Regarding the involvement of a non-Contracting State to the dispute, the first instance was an arbitration between Norway and Sweden called The Grisbådarna Case that lasted from March 14, 1908, to October 23, 1909. The subject of the dispute was the maritime boundary between the two countries in the aftermath of the separation of the union of the Swedish-Norwegian Kingdom in 1905. Prior to the dissolution of the union, the Swedish-Norwegian Kingdom became a Contracting State to the 1899 PCA Convention on September 4, 1900. However, after the dissolution, Sweden became a Contracting State to the 1907 PCA Convention on January 26, 1910, and Norway became a Contracting State to the 1907 PCA Convention on November 18, 1910. Both countries were non-Contracting States during the arbitration, and, therefore, were allowed access to the jurisdiction of the PCA under article 47.

The second instance was a dispute between Russia and Turkey, called the Russian Claim for Interest on Indemnities case, that lasted from July 22, 1910, to November 11, 1912. While Russia became a Contracting State to the 1907 PCA Convention on January 26, 1910, Turkey was and continues to be a non-Contracting State.

The third instance was a dispute between the French High Commission to the States of Levant under Mandate (Syria and Lebanon) and the Egyptian Government over Egypt’s refusal to have the French Company Radio Orient in Egypt to receive any telegrams. The proceedings lasted from November 11, 1938, to April 2, 1940. Although France became a Contracting State to the 1907 PCA Convention on December 6, 1919, Egypt did not become a Contracting State until November 4, 1968.

The fourth instance was a dispute between France and Greece regarding the administration of light houses. The proceedings lasted from July 15, 1931, to July 24, 1956. Although France became a Contracting State to the 1907 PCA Convention on December 6, 1910, Greece was and continues to be a non-Contracting State.
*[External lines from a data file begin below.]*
(* Write eta_i = sum_(u<f) zeta^(w^(du+i)) with w = omega.  Shifting the summation index of the
   second factor gives eta_i eta_(i+nu) = sum_v sum_u zeta^(w^(du+i) (1 + w^(dv+nu))).  The inner
   sum is f when p divides 1 + w^(dv+nu), i.e. when dv + nu = (p-1)/2; this happens for exactly
   one v if nu = theta = ((p-1)/2) mod d and for none otherwise.  Else 1 + w^(dv+nu) = w^e and the
   inner sum is eta_(i+e); counting the exponents e by their residue l mod d yields the
   cyclotomic number (nu,l).  Hence eta_i eta_(i+nu) = f delta + sum_l (nu,l) eta_(i+l), and
   multiplying by eta_i^k and summing over i gives the recurrence.  The initial values come from
   sum_i eta_i = zeta + ... + zeta^(p-1) = -1. *)

lemma sum_lessThan_shift_periodic:
  fixes G :: "nat \<Rightarrow> 'a::cancel_comm_monoid_add"
  assumes "\<And>x. G (x + n) = G x"
  shows "(\<Sum>k<n. G (k + s)) = (\<Sum>k<n. G k)"
proof (induction s)
  case (Suc s)
  have "(\<Sum>k<Suc n. G (k + s)) = G s + (\<Sum>k<n. G (k + Suc s))"
    by (subst sum.lessThan_Suc_shift) simp
  moreover have "(\<Sum>k<Suc n. G (k + s)) = (\<Sum>k<n. G (k + s)) + G s"
    using assms[of s] by (simp add: add.commute)
  ultimately show ?case
    using Suc by (simp add: add.commute)
qed simp

lemma sum_lessThan_mult_split:
  fixes F :: "nat \<Rightarrow> 'a::comm_monoid_add"
  shows "(\<Sum>a<d * n. F a) = (\<Sum>l<d. \<Sum>q<n. F (d * q + l))"
proof -
  have "(\<Sum>a<d * n. F a) = (\<Sum>q<n. \<Sum>a\<in>{q * d..<q * d + d}. F a)"
    by (simp add: sum.nat_group mult.commute)
  also have "\<dots> = (\<Sum>q<n. \<Sum>l<d. F (d * q + l))"
    by (simp add: sum.atLeastLessThan_shift_0 atLeast0LessThan mult.commute add.commute)
  finally show ?thesis
    by (simp add: sum.swap[of _ "{..<n}"])
qed

lemma of_nat_card_pairs_eq_sum:
  fixes n :: nat
  shows "of_nat (card {(u, v). u < n \<and> v < n \<and> P u v}) =
    (\<Sum>u<n. \<Sum>v<n. if P u v then 1 else (0::'a::semiring_1))"
proof -
  have "{(u, v). u < n \<and> v < n \<and> P u v} = (SIGMA u:{..<n}. {v \<in> {..<n}. P u v})"
    by auto
  moreover have "of_nat (card {v \<in> {..<n}. P u v}) = (\<Sum>v<n. if P u v then 1 else (0::'a))" for u
    by (simp add: sum.If_cases Int_def)
  ultimately show ?thesis
    by simp
qed

lemma even_mult_div_2_mod:
  fixes d n :: nat
  assumes "even (d * n)"
  shows "(d * n div 2) mod d = (if even n then 0 else d div 2)"
proof (cases "even n")
  case True
  then show ?thesis
    by (auto elim: evenE)
next
  case False
  then obtain r m where "d = 2 * r" "n = 2 * m + 1"
    using assms by (auto elim!: evenE oddE)
  then show ?thesis
    by (simp add: algebra_simps)
qed

lemma prim_root_unity_power_mod:
  assumes "prim_root_unity p \<zeta>"
  shows "\<zeta> ^ x = \<zeta> ^ (x mod p)"
proof -
  have "\<zeta> ^ x = \<zeta> ^ (p * (x div p) + x mod p)"
    by simp
  also have "\<dots> = (\<zeta> ^ p) ^ (x div p) * \<zeta> ^ (x mod p)"
    by (simp only: power_add power_mult)
  finally show ?thesis
    using assms by (simp add: prim_root_unity_def)
qed

lemma prim_root_unity_power_cong:
  assumes "prim_root_unity p \<zeta>" "[x = y] (mod p)"
  shows "\<zeta> ^ x = \<zeta> ^ y"
  using prim_root_unity_power_mod[OF assms(1), of x] prim_root_unity_power_mod[OF assms(1), of y]
    assms(2) by (simp add: cong_def)

lemma prim_root_unity_sum_powers:
  assumes "prim_root_unity p \<zeta>" "p > 1"
  shows "(\<Sum>x\<in>{0<..<p}. \<zeta> ^ x) = -1"
proof -
  have "\<zeta> \<noteq> 1"
    using assms by (auto simp: prim_root_unity_def)
  then have "(\<Sum>x<p. \<zeta> ^ x) = 0"
    using assms(1) by (simp add: geometric_sum prim_root_unity_def)
  moreover have "{..<p} = insert 0 {0<..<p}"
    using assms(2) by auto
  ultimately show ?thesis
    by (simp add: add_eq_0_iff)
qed

lemma prime_primroot_power_cong_iff:
  assumes "prime p" "residue_primroot p g"
  shows "[g ^ a = g ^ b] (mod p) \<longleftrightarrow> [a = b] (mod p - 1)"
  using assms order_divides_expdiff by (simp add: residue_primroot_def totient_prime)

lemma prime_not_dvd_primroot_power:
  assumes "prime p" "residue_primroot p g"
  shows "\<not> p dvd g ^ a"
proof -
  have "coprime p (g ^ a)"
    using assms(2) by (simp add: residue_primroot_def)
  then show ?thesis
    using assms(1) coprime_absorb_left not_prime_unit by blast
qed

lemma prime_primroot_discrete_log:
  assumes "prime p" "residue_primroot p g" "\<not> p dvd x"
  obtains e where "e < p - 1" "[g ^ e = x] (mod p)"
proof -
  have "bij_betw (\<lambda>a. g ^ a mod p) {..<p - 1} {0<..<p}"
    using residue_primroot_is_generator[of p g] prime_gt_1_nat[OF assms(1)] assms
    by (simp add: totient_prime totatives_prime)
  moreover have "x mod p \<in> {0<..<p}"
    using assms by (simp add: prime_gt_0_nat dvd_eq_mod_eq_0)
  ultimately have "x mod p \<in> (\<lambda>a. g ^ a mod p) ` {..<p - 1}"
    by (simp add: bij_betw_def)
  then obtain e where "e < p - 1" "g ^ e mod p = x mod p"
    by auto
  then show ?thesis
    using that by (simp add: cong_def)
qed

lemma prime_primroot_half_power:
  assumes "prime p" "p > 2" "residue_primroot p g"
  shows "p dvd 1 + g ^ ((p - 1) div 2)"
proof -
  define h where "h = (p - 1) div 2"
  have "odd p"
    using assms prime_odd_nat by blast
  then have p_minus_1: "p - 1 = 2 * h"
    by (simp add: h_def)
  have "[g ^ (p - 1) = 1] (mod p)"
    using assms fermat_theorem prime_not_dvd_primroot_power[of p g 1] by simp
  moreover have "g ^ (p - 1) = g ^ h * g ^ h"
    unfolding p_minus_1 by (simp add: mult_2 power_add)
  ultimately have "[int (g ^ h * g ^ h) = int 1] (mod int p)"
    by (simp only: cong_int_iff)
  then have "[int (g ^ h) * int (g ^ h) = 1] (mod int p)"
    by simp
  moreover have "g > 0"
    using assms by (auto intro: Nat.gr0I)
  ultimately have "[int (g ^ h) = 1] (mod int p) \<or> [int (g ^ h) = - 1] (mod int p)"
    using assms(1) by (intro cong_square) simp_all
  moreover have "\<not> [g ^ h = g ^ 0] (mod p)"
    unfolding prime_primroot_power_cong_iff[OF assms(1,3)]
    using assms(2) p_minus_1 by (simp add: cong_def)
  ultimately have "[int (g ^ h) = - 1] (mod int p)"
    by (auto simp flip: cong_int_iff)
  then have "int p dvd int (1 + g ^ h)"
    by (simp add: cong_iff_dvd_diff add.commute)
  then show ?thesis
    unfolding h_def by (simp only: int_dvd_int_iff)
qed

lemma prime_primroot_dvd_1_plus_power_iff:
  assumes "prime p" "p > 2" "residue_primroot p g"
  shows "p dvd 1 + g ^ c \<longleftrightarrow> c mod (p - 1) = (p - 1) div 2"
proof -
  define h where "h = (p - 1) div 2"
  have "[1 + g ^ h = 0] (mod p)"
    using prime_primroot_half_power[OF assms] by (simp add: h_def cong_0_iff)
  then have "p dvd 1 + g ^ c \<longleftrightarrow> [1 + g ^ c = 1 + g ^ h] (mod p)"
    by (metis cong_0_iff cong_sym cong_trans)
  also have "\<dots> \<longleftrightarrow> [c = h] (mod p - 1)"
    by (simp only: cong_add_lcancel_nat prime_primroot_power_cong_iff[OF assms(1,3)])
  also have "\<dots> \<longleftrightarrow> c mod (p - 1) = h"
    using assms(2) by (simp add: cong_def h_def)
  finally show ?thesis
    by (simp add: h_def)
qed

lemma sum_primroot_power_select:
  assumes "prime p" "residue_primroot p g" "e < p - 1" "[g ^ e = x] (mod p)"
  shows "(\<Sum>a<p - 1. if [g ^ a = x] (mod p) then F a else 0) = F e"
proof -
  have "[g ^ a = x] (mod p) \<longleftrightarrow> a = e" if "a < p - 1" for a
  proof -
    have "[g ^ a = x] (mod p) \<longleftrightarrow> [g ^ a = g ^ e] (mod p)"
      using assms(4) by (meson cong_sym cong_trans)
    also have "\<dots> \<longleftrightarrow> [a = e] (mod p - 1)"
      using assms(1,2) by (rule prime_primroot_power_cong_iff)
    also have "\<dots> \<longleftrightarrow> a = e"
      using assms(3) that by (simp add: cong_def)
    finally show ?thesis .
  qed
  then have "(\<Sum>a<p - 1. if [g ^ a = x] (mod p) then F a else 0) =
      (\<Sum>a<p - 1. if a = e then F a else 0)"
    by (intro sum.cong) auto
  also have "\<dots> = F e"
    using assms(3) by simp
  finally show ?thesis .
qed

lemma sum_primroot_power_select_dvd:
  assumes "prime p" "residue_primroot p g" "p dvd x"
  shows "(\<Sum>a<p - 1. if [g ^ a = x] (mod p) then F a else 0) = 0"
proof -
  have "\<not> [g ^ a = x] (mod p)" for a
    using assms prime_not_dvd_primroot_power[of p g a] cong_dvd_iff by blast
  then show ?thesis
    by simp
qed

locale gauss_periods =
  fixes p d \<omega> :: nat and \<zeta> :: complex
  assumes prime: "prime p" and p_gt_2: "p > 2" and d_dvd: "d dvd p - 1"
    and primroot: "residue_primroot p \<omega>" and root: "prim_root_unity p \<zeta>"
begin

definition f :: nat where "f = (p - 1) div d"
abbreviation \<theta> :: nat where "\<theta> \<equiv> if even f then 0 else d div 2"
abbreviation \<eta> :: "nat \<Rightarrow> complex" where "\<eta> \<equiv> gauss_period p d \<omega> \<zeta>"

lemma d_mult_f: "d * f = p - 1"
  unfolding f_def by (rule dvd_mult_div_cancel[OF d_dvd])

lemma gauss_period_mod: "\<eta> (j mod d) = \<eta> j"
  by (simp add: gauss_period_def)

lemma gauss_period_add_mult: "\<eta> (j + d * q) = \<eta> j"
  by (simp add: gauss_period_def)

lemma root_power_period: "\<zeta> ^ \<omega> ^ (a + (p - 1)) = \<zeta> ^ \<omega> ^ a"
proof (rule prim_root_unity_power_cong[OF root])
  show "[\<omega> ^ (a + (p - 1)) = \<omega> ^ a] (mod p)"
    unfolding prime_primroot_power_cong_iff[OF prime primroot] by (simp add: cong_def)
qed

lemma sum_root_power_shift:
  "(\<Sum>k<f. \<zeta> ^ \<omega> ^ ((k + s) * d + j)) = (\<Sum>k<f. \<zeta> ^ \<omega> ^ (k * d + j))"
proof (rule sum_lessThan_shift_periodic)
  fix x
  have "(x + f) * d + j = (x * d + j) + (p - 1)"
    by (subst d_mult_f[symmetric]) (simp add: algebra_simps)
  then show "\<zeta> ^ \<omega> ^ ((x + f) * d + j) = \<zeta> ^ \<omega> ^ (x * d + j)"
    by (simp only: root_power_period)
qed

lemma gauss_period_eq: "\<eta> i = (\<Sum>k<f. \<zeta> ^ \<omega> ^ (k * d + i))"
proof -
  have "\<eta> i = (\<Sum>k<f. \<zeta> ^ \<omega> ^ (k * d + i mod d))"
    by (simp add: gauss_period_def f_def flip: prim_root_unity_power_mod[OF root])
  also have "\<dots> = (\<Sum>k<f. \<zeta> ^ \<omega> ^ ((k + i div d) * d + i mod d))"
    by (rule sum_root_power_shift[symmetric])
  also have "\<dots> = (\<Sum>k<f. \<zeta> ^ \<omega> ^ (k * d + i))"
    by (simp add: algebra_simps)
  finally show ?thesis .
qed

lemma sum_gauss_periods: "(\<Sum>i<d. \<eta> (i + a)) = -1"
proof -
  have "(\<Sum>i<d. \<eta> (i + a)) = (\<Sum>i<d. \<eta> i)"
    by (rule sum_lessThan_shift_periodic) (simp add: gauss_period_def)
  also have "\<dots> = (\<Sum>i<d. \<Sum>k<f. \<zeta> ^ \<omega> ^ (d * k + i))"
    by (simp add: gauss_period_eq mult.commute)
  also have "\<dots> = (\<Sum>a<d * f. \<zeta> ^ \<omega> ^ a)"
    by (rule sum_lessThan_mult_split[symmetric])
  also have "\<dots> = (\<Sum>a<p - 1. \<zeta> ^ (\<omega> ^ a mod p))"
    by (simp only: d_mult_f flip: prim_root_unity_power_mod[OF root])
  also have "\<dots> = (\<Sum>x\<in>{0<..<p}. \<zeta> ^ x)"
    using residue_primroot_is_generator[of p \<omega>] prime_gt_1_nat[OF prime] primroot
    by (intro sum.reindex_bij_betw) (simp add: totient_prime totatives_prime prime)
  also have "\<dots> = -1"
    using prime_gt_1_nat[OF prime] by (rule prim_root_unity_sum_powers[OF root])
  finally show ?thesis .
qed

(* For p not dividing x this is the image of eta_i under the automorphism zeta \<mapsto> zeta^x. *)
definition conj_period :: "nat \<Rightarrow> nat \<Rightarrow> complex" where
  "conj_period i x = (\<Sum>u<f. \<zeta> ^ (\<omega> ^ (d * u + i) * x))"

lemma conj_period_cong_power:
  assumes "[\<omega> ^ e = x] (mod p)"
  shows "conj_period i x = \<eta> (i + e)"
proof -
  have "\<zeta> ^ (\<omega> ^ (d * u + i) * x) = \<zeta> ^ \<omega> ^ (u * d + (i + e))" for u
  proof -
    have "[\<omega> ^ (d * u + i) * x = \<omega> ^ (d * u + i) * \<omega> ^ e] (mod p)"
      using assms by (simp add: cong_mult cong_sym)
    then have "\<zeta> ^ (\<omega> ^ (d * u + i) * x) = \<zeta> ^ (\<omega> ^ (d * u + i) * \<omega> ^ e)"
      by (rule prim_root_unity_power_cong[OF root])
    also have "\<omega> ^ (d * u + i) * \<omega> ^ e = \<omega> ^ (u * d + (i + e))"
      by (simp add: algebra_simps flip: power_add)
    finally show ?thesis .
  qed
  then show ?thesis
    by (simp add: conj_period_def gauss_period_eq)
qed

lemma conj_period_dvd:
  assumes "p dvd x"
  shows "conj_period i x = of_nat f"
proof -
  have "\<zeta> ^ (\<omega> ^ (d * u + i) * x) = 1" for u
    using assms prim_root_unity_power_mod[OF root, of "\<omega> ^ (d * u + i) * x"] by simp
  then show ?thesis
    by (simp add: conj_period_def)
qed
The fifth instance was in 1997 in a dispute between Italy and Costa Rica regarding a dispute over a loan agreement between the two countries. The proceeding lasted from September 11, 1997, to June 26, 1998. While Italy is a non-Contracting State to the 1907 PCA Convention, Costa Rica did not become a Contracting State until after the arbitration on July 20, 1999.

In 1928, a precedence was set for the PCA to allow a dispute between a “private entity” and a State. In this case, there was a dispute centered on a contract between China and Radio Corporation of America—Radio Corporation of America v. China. The proceeding lasted from November 10, 1928, to April 13, 1935. The jurisdiction of the PCA was invoked by China, that became a Contracting State on January 26, 1910, according to article 47 because it involved a “special Board of Arbitration” that was not established by the PCA.

While China was the first Contracting State to have a dispute with a “private entity” that came under the jurisdiction of the PCA in 1928, the Larsen case was the first instance that the PCA had jurisdiction over a dispute between a non-Contracting State—the Hawaiian Kingdom and a “private entity”—Larsen in 1999.